(Reuters) – Australia's Star Entertainment Group Ltd said on Wednesday it would cut 500 jobs and cut its full-year profit forecast, sending shares down 11% as regulatory restrictions and weak consumer behavior weighed on the company's bottom line.
By fiscal 2023, the company will eliminate certain full-time positions across the group and eliminate short-term and other incentives to reduce operating costs.
The company has about 8,000 employees, laying off about 6.25% of its workforce, a Star spokeswoman told Reuters. A spokeswoman said about 4,500 of the total workforce work at the Sydney Waterfront casino.
Shares in Star fell 11.4% to A$1,205, their biggest one-day drop since mid-February, and were the biggest losers on the benchmark ASX 200 index.
Star said Star's casinos in Sydney and the Gold Coast in particular were facing adverse trading conditions, with profits being hurt by the combined impact of regulatory operating restrictions and weak consumer behaviour.

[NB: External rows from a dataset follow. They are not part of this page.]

lemma nn_integral_bridge_fdd_density_GIG_last_mean:
  fixes n :: nat
  assumes c: "c > 0" and \<gamma>: "\<gamma> > 0" and s: "strict_partition T m s" and m: "m \<ge> 1"
  defines "\<rho> \<equiv> bridge_fdd_density c T (f_GIG (real n - 1/2) (c * T) \<gamma>) m s"
  shows "(\<integral>\<^sup>+ y. ennreal (\<rho> (x(m+1 := y))) * ennreal y \<partial>lborel)
       = ennreal (GIG_bridge_mean c \<gamma> (T - s m) n (x m)) * (\<integral>\<^sup>+ y. ennreal (\<rho> (x(m+1 := y))) \<partial>lborel)"
proof -
  let ?p = "f_GIG (real n - 1/2) (c * T) \<gamma>"
  define G where "G = (\<Prod>i\<in>{1..m}. stable_half_density c (s i - s (i - 1)) (x i - (if i = 1 then 0 else x (i - 1))))"
  have s_last: "s (m + 1) = T" using s by (simp add: strict_partition_def)
  have s_m: "s m < T" using strict_partition_Suc_less[OF s, of m] s_last by simp
  have T: "T > 0" using strict_partition_pos[OF s] .
  let ?k = "bridge_kernel c T (T - s m) ?p (x m)"
  have \<rho>: "\<rho> (x(m+1 := y)) = G * ?k y" for y
    unfolding \<rho>_def G_def bridge_fdd_density_upd_last[OF m] s_last ..
  show ?thesis
  proof (cases "G = 0")
    case True
    then show ?thesis unfolding \<rho> by simp
  next
    case False
    have "s (i - 1) \<le> s i" if "i \<in> {1..m}" for i
      using that by (intro strict_partition_mono[OF s]) auto
    then have G: "G \<ge> 0" unfolding G_def using c by (intro prod_nonneg stable_half_density_nonneg) auto
    have x_m: "x m > 0"
      using False m unfolding G_def by (intro prod_stable_half_density_neq_0_imp_pos) auto
    have k_y: "ennreal (?k y) * ennreal y = ennreal (?k y * y)" for y
      using c T s_m f_GIG_nonneg[OF \<gamma>, of "c * T"] by (intro ennreal_bridge_kernel_mult) auto
    have "(\<integral>\<^sup>+ y. ennreal (\<rho> (x(m+1 := y))) * ennreal y \<partial>lborel)
        = (\<integral>\<^sup>+ y. ennreal G * ennreal (?k y * y) \<partial>lborel)"
      unfolding \<rho> ennreal_mult'[OF G] by (simp add: mult.assoc k_y)
    also have "\<dots> = ennreal G * (\<integral>\<^sup>+ y. ennreal (?k y * y) \<partial>lborel)"
      by (rule nn_integral_cmult) measurable
    also have "\<dots> = ennreal G * (ennreal (GIG_bridge_mean c \<gamma> (T - s m) n (x m)) * (\<integral>\<^sup>+ y. ennreal (?k y) \<partial>lborel))"
      using nn_integral_bridge_kernel_GIG_mean[OF c \<gamma> T _ less_imp_le[OF x_m], of "T - s m" n] s_m by simp
    also have "\<dots> = ennreal (GIG_bridge_mean c \<gamma> (T - s m) n (x m)) * (\<integral>\<^sup>+ y. ennreal G * ennreal (?k y) \<partial>lborel)"
      by (subst nn_integral_cmult) (measurable, simp add: ac_simps)
    also have "(\<integral>\<^sup>+ y. ennreal G * ennreal (?k y) \<partial>lborel) = (\<integral>\<^sup>+ y. ennreal (\<rho> (x(m+1 := y))) \<partial>lborel)"
      unfolding \<rho> ennreal_mult'[OF G] ..
    finally show ?thesis .
  qed
qed
lemma rho_sec2_prim_has_derivative_within:
  assumes "t \<in> {-1..1}"
  shows "(rho_sec2_prim a has_real_derivative rho_sec2 a t) (at t within {-1..1})"
proof -
  have "continuous_on {-1..1} (rho_sec2 a)"
    unfolding rho_sec2_def rho_def
    by (intro continuous_intros) (auto dest: cos_gt_zero_unit_interval)
  from integral_has_real_derivative[OF this] show ?thesis
    unfolding rho_sec2_prim_def[abs_def] using assms by (auto intro!: derivative_eq_intros)
qed

lemma rho_sec2_prim_has_derivative:
  "t \<in> {-1<..<1} \<Longrightarrow> (rho_sec2_prim a has_real_derivative rho_sec2 a t) (at t)"
  using rho_sec2_prim_has_derivative_within[of t a] at_within_interior[of t "{-1..1::real}"] by auto

lemma rho_sec2_prim_pos:
  assumes a: "a \<noteq> 0" and t: "0 < t" "t < 1"
  shows "rho_sec2_prim a t > 0"
proof -
  obtain z where z: "0 < z" "z < t" "rho_sec2_prim a t - rho_sec2_prim a 0 = (t - 0) * rho_sec2 a z"
    using MVT2[of 0 t "rho_sec2_prim a" "rho_sec2 a"] t rho_sec2_prim_has_derivative by force
  then show ?thesis using rho_sec2_pos[OF a, of z] t by simp
qed

definition tan_rho :: "real \<Rightarrow> real \<Rightarrow> real" where
  "tan_rho a t = a^2 * sin t / (cos t * rho a t)"

lemma tan_rho_has_derivative:
  assumes a: "a \<noteq> 0" and c: "cos t \<noteq> 0"
  shows "(tan_rho a has_real_derivative
    a^2 * ((rho a t)^2 - (a^2 - 1) * (sin t)^2 * (cos t)^2) / ((cos t)^2 * (rho a t)^3)) (at t)"
proof -
  have r: "rho a t > 0" using rho_pos[OF a] .
  have d: "(tan_rho a has_real_derivative
     ((a^2 * cos t) * (cos t * rho a t) - a^2 * sin t * ((- sin t) * rho a t
       + cos t * ((a^2 - 1) * sin t * cos t / rho a t))) / ((cos t * rho a t) * (cos t * rho a t))) (at t)"
    unfolding tan_rho_def[abs_def]
    by (rule derivative_eq_intros refl rho_has_real_derivative[OF a] | use r c in simp)+
  have num: "(a^2 * c) * (c * r) - a^2 * s * ((- s) * r + c * ((a^2 - 1) * s * c / r))
      = a^2 * (r^2 - (a^2 - 1) * s^2 * c^2) / r" if "s^2 + c^2 = 1" "r > 0" for s c r :: real
  proof -
    have "(a^2 * c) * (c * r) - a^2 * s * ((- s) * r + c * ((a^2 - 1) * s * c / r))
        = a^2 * (r^2 * (s^2 + c^2) - (a^2 - 1) * s^2 * c^2) / r"
      using that(2) by (simp add: field_simps power2_eq_square)
    then show ?thesis using that(1) by simp
  qed
  show ?thesis
    by (rule DERIV_cong[OF d], unfold num[OF sin_cos_squared_add r])
      (use r c in \<open>simp add: field_simps power2_eq_square power3_eq_cube\<close>)
qed

lemma rho_quartic_ne:
  assumes a: "a > 0" "a \<noteq> 1" and s: "sin t \<noteq> 0" and c: "cos t \<noteq> 0"
  shows "(rho a t)^2 - (a^2 - 1) * (sin t)^2 * (cos t)^2 \<noteq> (rho a t)^4"
proof -
  define b where "b = a^2 - 1"
  define u where "u = (sin t)^2"
  have b: "b \<noteq> 0" "b > -1" unfolding b_def using a by (auto simp: power2_eq_1_iff)
  have u: "0 < u" "u < 1"
  proof -
    show "0 < u" unfolding u_def using s by simp
    have "0 < (cos t)^2" using c by simp
    then show "u < 1" unfolding u_def using sin_cos_squared_add[of t] by linarith
  qed
  have rho2: "(rho a t)^2 = 1 + b * u" and c2: "(cos t)^2 = 1 - u"
    unfolding rho_squared b_def u_def using sin_cos_squared_add[of t] by (simp_all add: algebra_simps)
  have "(1 - b) * u < 2"
  proof (cases "b \<ge> 1")
    case True
    then have "(1 - b) * u \<le> 0" using u by (intro mult_nonpos_nonneg) auto
    then show ?thesis by simp
  next
    case False then have "(1 - b) * u < (1 - b) * 1" using u b by (intro mult_strict_left_mono) auto
    then show ?thesis using b by simp
  qed
  then have "b * u * ((1 - b) * u - 2) \<noteq> 0" using b u by simp
  moreover have "(rho a t)^4 = ((rho a t)^2)^2" by simp
  ultimately show ?thesis unfolding b_def[symmetric] u_def[symmetric] rho2 c2
    by (simp add: algebra_simps power2_eq_square)
qed

text \<open>For a \<noteq> 1 the primitive of \<rho> / cos^2 and a^2 tan / \<rho> are linearly independent near 0:
  differentiating a relation between them at 0 and at 1/2 contradicts rho_quartic_ne.\<close>

lemma rho_sec2_prim_tan_rho_independent:
  assumes a: "a > 0" "a \<noteq> 1" and rel: "\<And>t. t \<in> {-1<..<1} \<Longrightarrow> c * rho_sec2_prim a t + tan_rho a t * f = 0"
  shows "f = 0"
proof -
  have a0: "a \<noteq> 0" using a by simp
  have deriv_rel: "c * rho_sec2 a t +
      a^2 * ((rho a t)^2 - (a^2 - 1) * (sin t)^2 * (cos t)^2) / ((cos t)^2 * (rho a t)^3) * f = 0"
    if t: "t \<in> {-1<..<1}" for t
  proof -
    have "cos t \<noteq> 0" using cos_gt_zero_unit_interval[of t] t by simp
    then have "((\<lambda>t. c * rho_sec2_prim a t + tan_rho a t * f) has_real_derivative
       c * rho_sec2 a t + a^2 * ((rho a t)^2 - (a^2 - 1) * (sin t)^2 * (cos t)^2) / ((cos t)^2 * (rho a t)^3) * f) (at t)"
      by (intro DERIV_add DERIV_cmult DERIV_cmult_right rho_sec2_prim_has_derivative[OF t]
          tan_rho_has_derivative[OF a0])
    moreover have "((\<lambda>t. c * rho_sec2_prim a t + tan_rho a t * f) has_real_derivative 0) (at t)"
      by (rule has_field_derivative_transform_within_open[OF DERIV_const _ t]) (use rel in auto)
    ultimately show ?thesis by (rule DERIV_unique)
  qed
  have c: "c = - (a^2 * f)" using deriv_rel[of 0] by (simp add: rho_sec2_def)
  define s r co where "s = sin (1/2::real)" and "r = rho a (1/2)" and "co = cos (1/2::real)"
  have r: "r > 0" unfolding r_def using rho_pos[OF a0] .
  have co: "co > 0" unfolding co_def using cos_gt_zero_unit_interval[of "1/2::real"] by simp
  have s: "s \<noteq> 0" unfolding s_def using pi_gt3 by (intro sin_gt_zero[THEN less_imp_neq, symmetric]) auto
  have "c * (r / co^2) + a^2 * (r^2 - (a^2 - 1) * s^2 * co^2) / (co^2 * r^3) * f = 0"
    using deriv_rel[of "1/2"] unfolding rho_sec2_def s_def r_def co_def by simp
  moreover have "c * (r / co^2) + a^2 * (r^2 - (a^2 - 1) * s^2 * co^2) / (co^2 * r^3) * f
      = (c * r^4 + a^2 * (r^2 - (a^2 - 1) * s^2 * co^2) * f) / (co^2 * r^3)"
    using r co by (simp add: field_simps eval_nat_numeral)
  ultimately have "c * r^4 + a^2 * (r^2 - (a^2 - 1) * s^2 * co^2) * f = 0"
    using r co by simp
  then have "(a^2 * f) * (r^2 - (a^2 - 1) * s^2 * co^2 - r^4) = 0"
    unfolding c by (simp add: algebra_simps)
  moreover have "r^2 - (a^2 - 1) * s^2 * co^2 - r^4 \<noteq> 0"
    using rho_quartic_ne[OF a s[unfolded s_def]] co unfolding r_def s_def co_def by simp
  ultimately show ?thesis using a0 by simp
qed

Australian casino operators have come under scrutiny over the past two years for alleged breaches of anti-money laundering laws, while a proposed increase in casino fees in New South Wales is also raising concerns.
"To put the operating environment into perspective, the Group's current profit performance is unprecedented outside of the COVID-19 era," the company said.
If current conditions persist, Star expects underlying earnings before interest, tax, depreciation and amortization (EBITDA) to be between A$280 million (US$188.44 million) and A$310 million in 2023. Previous expectations were between $330 million and $360 million.
The Star has engaged Barrenjoey Capital Partners to conduct a strategic review of The Star Sydney and identify "structural alternatives" to enhance shareholder value.
The company has also drawn up plans to sell the Sheraton Grand Mirage Resort Gold Coast and said it is accelerating debt refinancing plans to improve its cash position, with flagship offerings expected soon.